**EXERCISE DETAILS**
The entries that follow include a run beginning at the line with "imp4 (nval v" and ending at the line with "x b) \<longleftrightarrow>"; restate that run word for word and leave the rest out.

**Stored data entries**
(* Let ${\bf S}\in\{{\bf Tmd},{\bf Tm4d}\}$. Then ${\bf S}$ cannot be characterized by a single finite deterministic logical matrix; that is, there is no logical matrix $\mathcal M=\langle M,D\rangle$ with $M$ finite such that, for all $\Gamma\cup\{\alpha\}\subseteq For$, $\Gamma\vdash_{\bf S}\alpha$ iff $\Gamma\vDash_{\mathcal M}\alpha$.
   Context: Formulas are built from a denumerable set of propositional variables by the unary connectives $\neg$, $\Box$ and the binary connective $\to$; $For$ is the set of all formulas. Abbreviations: $\Diamond\alpha:=\neg\Box\neg\alpha$, $\alpha\vee\beta:=\neg\alpha\to\beta$, $\alpha\wedge\beta:=\neg(\alpha\to\neg\beta)$. All Hilbert calculi below have as axioms all instances (over $For$) of the axiom schemas of a standard Hilbert calculus for classical propositional logic in the signature $\{\neg,\to\}$, plus the listed modal schemas, with modus ponens as the only rule; $\Gamma\vdash_{\bf L}\alpha$ means there is a derivation of $\alpha$ from $\Gamma$ in ${\bf L}$. ${\bf Tmd}$: (K) $\Box(\alpha\to\beta)\to(\Box\alpha\to\Box\beta)$; (Kdet) $\Box(\alpha\to\beta)\to(\Diamond\alpha\to\Box\beta)$; (K2) $\Diamond(\alpha\to\beta)\to(\Box\alpha\to\Diamond\beta)$; (M1) $\neg\Diamond\alpha\to\Box(\alpha\to\beta)$; (M2) $\Box\beta\to\Box(\alpha\to\beta)$; (M3) $\Diamond\beta\to\Diamond(\alpha\to\beta)$; (M4) $\Diamond\neg\alpha\to\Diamond(\alpha\to\beta)$; (T) $\Box\alpha\to\alpha$; (DN1) $\Box\alpha\to\Box\neg\neg\alpha$; (DN2) $\Box\neg\neg\alpha\to\Box\alpha$. ${\bf Tm4d}$ (also written ${\bf T4md}$) is ${\bf Tmd}$ plus (4) $\Box\alpha\to\Box\Box\alpha$. A (deterministic) logical matrix $\mathcal M=\langle M,D\rangle$ consists of a set $M$ with unary operations for $\neg,\Box$ and a binary operation for $\to$, and $D\subseteq M$; valuations are homomorphisms $h:For\to M$, and $\Gamma\vDash_{\mathcal M}\alpha$ iff every valuation mapping $\Gamma$ into $D$ maps $\alpha$ into $D$. *)

theory Defs
  imports Main
begin

datatype fm = Var nat | Neg fm | Box fm | Imp fm fm (infixr "\<^bold>\<rightarrow>" 25)

definition Dia :: "fm \<Rightarrow> fm" where "Dia a = Neg (Box (Neg a))"
definition Or :: "fm \<Rightarrow> fm \<Rightarrow> fm" where "Or a b = Imp (Neg a) b"
definition And :: "fm \<Rightarrow> fm \<Rightarrow> fm" where "And a b = Neg (Imp a (Neg b))"

datatype logic = Tmd | Tm4d

inductive cpl_axiom :: "fm \<Rightarrow> bool" where
  A1: "cpl_axiom (a \<^bold>\<rightarrow> (b \<^bold>\<rightarrow> a))"
| A2: "cpl_axiom ((a \<^bold>\<rightarrow> (b \<^bold>\<rightarrow> c)) \<^bold>\<rightarrow> ((a \<^bold>\<rightarrow> b) \<^bold>\<rightarrow> (a \<^bold>\<rightarrow> c)))"
| A3: "cpl_axiom ((Neg b \<^bold>\<rightarrow> Neg a) \<^bold>\<rightarrow> ((Neg b \<^bold>\<rightarrow> a) \<^bold>\<rightarrow> b))"

inductive tmd_axiom :: "fm \<Rightarrow> bool" where
  K: "tmd_axiom (Box (a \<^bold>\<rightarrow> b) \<^bold>\<rightarrow> (Box a \<^bold>\<rightarrow> Box b))"
| Kdet: "tmd_axiom (Box (a \<^bold>\<rightarrow> b) \<^bold>\<rightarrow> (Dia a \<^bold>\<rightarrow> Box b))"
| K2: "tmd_axiom (Dia (a \<^bold>\<rightarrow> b) \<^bold>\<rightarrow> (Box a \<^bold>\<rightarrow> Dia b))"
| M1: "tmd_axiom (Neg (Dia a) \<^bold>\<rightarrow> Box (a \<^bold>\<rightarrow> b))"
| M2: "tmd_axiom (Box b \<^bold>\<rightarrow> Box (a \<^bold>\<rightarrow> b))"
| M3: "tmd_axiom (Dia b \<^bold>\<rightarrow> Dia (a \<^bold>\<rightarrow> b))"
| M4: "tmd_axiom (Dia (Neg a) \<^bold>\<rightarrow> Dia (a \<^bold>\<rightarrow> b))"
| T: "tmd_axiom (Box a \<^bold>\<rightarrow> a)"
| DN1: "tmd_axiom (Box a \<^bold>\<rightarrow> Box (Neg (Neg a)))"
| DN2: "tmd_axiom (Box (Neg (Neg a)) \<^bold>\<rightarrow> Box a)"

fun axiom :: "logic \<Rightarrow> fm \<Rightarrow> bool" where
  "axiom Tmd \<phi> \<longleftrightarrow> cpl_axiom \<phi> \<or> tmd_axiom \<phi>"
| "axiom Tm4d \<phi> \<longleftrightarrow> cpl_axiom \<phi> \<or> tmd_axiom \<phi> \<or> (\<exists>a. \<phi> = (Box a \<^bold>\<rightarrow> Box (Box a)))"

inductive derivable :: "logic \<Rightarrow> fm set \<Rightarrow> fm \<Rightarrow> bool" for L :: logic and \<Gamma> :: "fm set" where
  ax: "axiom L \<phi> \<Longrightarrow> derivable L \<Gamma> \<phi>"
| hyp: "\<phi> \<in> \<Gamma> \<Longrightarrow> derivable L \<Gamma> \<phi>"
| mp: "derivable L \<Gamma> (a \<^bold>\<rightarrow> b) \<Longrightarrow> derivable L \<Gamma> a \<Longrightarrow> derivable L \<Gamma> b"

record 'a lmatrix =
  carrier :: "'a set"
  mneg :: "'a \<Rightarrow> 'a"
  mbox :: "'a \<Rightarrow> 'a"
  mimp :: "'a \<Rightarrow> 'a \<Rightarrow> 'a"
  designated :: "'a set"

definition is_matrix :: "('a, 'b) lmatrix_scheme \<Rightarrow> bool" where
  "is_matrix \<M> \<longleftrightarrow> designated \<M> \<subseteq> carrier \<M>
     \<and> (\<forall>x\<in>carrier \<M>. mneg \<M> x \<in> carrier \<M> \<and> mbox \<M> x \<in> carrier \<M>)
     \<and> (\<forall>x\<in>carrier \<M>. \<forall>y\<in>carrier \<M>. mimp \<M> x y \<in> carrier \<M>)"

primrec eval :: "('a, 'b) lmatrix_scheme \<Rightarrow> (nat \<Rightarrow> 'a) \<Rightarrow> fm \<Rightarrow> 'a" where
  "eval \<M> v (Var n) = v n"
| "eval \<M> v (Neg a) = mneg \<M> (eval \<M> v a)"
| "eval \<M> v (Box a) = mbox \<M> (eval \<M> v a)"
| "eval \<M> v (Imp a b) = mimp \<M> (eval \<M> v a) (eval \<M> v b)"

definition valuation :: "('a, 'b) lmatrix_scheme \<Rightarrow> (fm \<Rightarrow> 'a) \<Rightarrow> bool" where
  "valuation \<M> h \<longleftrightarrow> (\<exists>v. range v \<subseteq> carrier \<M> \<and> h = eval \<M> v)"

definition matrix_conseq :: "('a, 'b) lmatrix_scheme \<Rightarrow> fm set \<Rightarrow> fm \<Rightarrow> bool" where
  "matrix_conseq \<M> \<Gamma> \<alpha> \<longleftrightarrow>
     (\<forall>h. valuation \<M> h \<longrightarrow> h ` \<Gamma> \<subseteq> designated \<M> \<longrightarrow> h \<alpha> \<in> designated \<M>)"

definition characterizes :: "('a, 'b) lmatrix_scheme \<Rightarrow> logic \<Rightarrow> bool" where
  "characterizes \<M> L \<longleftrightarrow> (\<forall>\<Gamma> \<alpha>. derivable L \<Gamma> \<alpha> \<longleftrightarrow> matrix_conseq \<M> \<Gamma> \<alpha>)"

end

theory Submission
  imports Defs
begin

text \<open>
  Dugundji's argument. Every axiom of \<open>Tm4d\<close> (hence of \<open>Tmd\<close>) is designated in a four-valued
  matrix whose box is non-deterministic off the top value. Resolving that non-determinism
  formula by formula refutes each Dugundji formula \<open>\<delta>\<^sub>N\<close>, the disjunction of
  \<open>(\<not>\<box>)\<^sup>i\<^sup>+\<^sup>2 p\<^sub>j \<rightarrow> (\<not>\<box>)\<^sup>i\<^sup>+\<^sup>2 p\<^sub>i\<close> over \<open>i < j \<le> N\<close>, so no \<open>\<delta>\<^sub>N\<close> is a theorem.
  In a deterministic matrix with at most \<open>N\<close> elements, however, two of \<open>p\<^sub>0, \<dots>, p\<^sub>N\<close> receive
  the same value, so some disjunct takes the value of an instance of \<open>\<alpha> \<rightarrow> \<alpha>\<close>; if the matrix
  characterized the logic, \<open>\<delta>\<^sub>N\<close> would therefore be valid in it and hence a theorem.
\<close>

datatype v4 = VT | Vt | Vf | VF

fun designated4 :: "v4 \<Rightarrow> bool" where
  "designated4 VT = True" | "designated4 Vt = True"
| "designated4 Vf = False" | "designated4 VF = False"

fun neg4 :: "v4 \<Rightarrow> v4" where
  "neg4 VT = VF" | "neg4 Vt = Vf" | "neg4 Vf = Vt" | "neg4 VF = VT"

definition imp4 :: "v4 \<Rightarrow> v4 \<Rightarrow> v4" where
  "imp4 x y = (if x = VF \<or> y = VT then VT else if x = VT \<and> y = VF then VF
      else if designated4 x \<longrightarrow> designated4 y then Vt else Vf)"

definition box4 :: "v4 \<Rightarrow> bool \<Rightarrow> v4" where
  "box4 x b = (if x = VT then VT else if b then VF else Vf)"

text \<open>The box of a non-top value may be \<open>F\<close> or \<open>f\<close>; the choice function \<open>c\<close> fixes this
  independently for every boxed formula, so these valuations are not truth-functional.\<close>
primrec nval :: "(nat \<Rightarrow> v4) \<Rightarrow> (fm \<Rightarrow> bool) \<Rightarrow> fm \<Rightarrow> v4" where
  "nval v c (Var n) = v n"
| "nval v c (Neg x) = neg4 (nval v c x)"
| "nval v c (Box x) = box4 (nval v c x) (c x)"
| "nval v c (Imp x y) = imp4 (nval v c x) (nval v c y)"

lemma designated4_imp4 [simp]: "designated4 (imp4 x y) \<longleftrightarrow> (designated4 x \<longrightarrow> designated4 y)"
  by (cases x; cases y; simp add: imp4_def)

lemma designated4_neg4 [simp]: "designated4 (neg4 x) \<longleftrightarrow> \<not> designated4 x"
  by (cases x; simp)

lemma designated4_box4 [simp]: "designated4 (box4 x b) \<longleftrightarrow> x = VT"
  by (cases x; simp add: box4_def)

lemma imp4_eq_VT [simp]: "imp4 x y = VT \<longleftrightarrow> x = VF \<or> y = VT"
  by (cases x; cases y; simp add: imp4_def)

lemma imp4_eq_VF [simp]: "imp4 x y = VF \<longleftrightarrow> x = VT \<and> y = VF"
  by (cases x; cases y; simp add: imp4_def)

lemma neg4_eq_VT [simp]: "neg4 x = VT \<longleftrightarrow> x = VF"
  by (cases x; simp)

lemma neg4_eq_VF [simp]: "neg4 x = VF \<longleftrightarrow> x = VT"
  by (cases x; simp)

lemma cpl_axiom_designated: "cpl_axiom \<phi> \<Longrightarrow> designated4 (nval v c \<phi>)"
  by (induction rule: cpl_axiom.induct) auto

lemma tmd_axiom_designated: "tmd_axiom \<phi> \<Longrightarrow> designated4 (nval v c \<phi>)"
  by (induction rule: tmd_axiom.induct) (auto simp: Dia_def)

lemma axiom_designated: "axiom S \<phi> \<Longrightarrow> designated4 (nval v c \<phi>)"
  by (cases S) (auto simp: cpl_axiom_designated tmd_axiom_designated box4_def)

lemma derivable_designated:
  assumes "derivable S \<Gamma> \<phi>" and "\<forall>\<psi>\<in>\<Gamma>. designated4 (nval v c \<psi>)"
  shows "designated4 (nval v c \<phi>)"
  using assms by (induction rule: derivable.induct) (auto simp: axiom_designated)

lemma derivable_cpl_axiom: "cpl_axiom \<phi> \<Longrightarrow> derivable S \<Gamma> \<phi>"
  by (rule derivable.ax) (cases S; simp)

**EXPECTED ANSWER**
| "nval v c (Imp x y) = imp4 (nval v c x) (nval v c y)"

lemma designated4_imp4 [simp]: "designated4 (imp4 x y) \<longleftrightarrow> (designated4 x \<longrightarrow> designated4 y)"
  by (cases x; cases y; simp add: imp4_def)

lemma designated4_neg4 [simp]: "designated4 (neg4 x) \<longleftrightarrow> \<not> designated4 x"
  by (cases x; simp)

lemma designated4_box4 [simp]: "designated4 (box4 x b) \<longleftrightarrow> x = VT"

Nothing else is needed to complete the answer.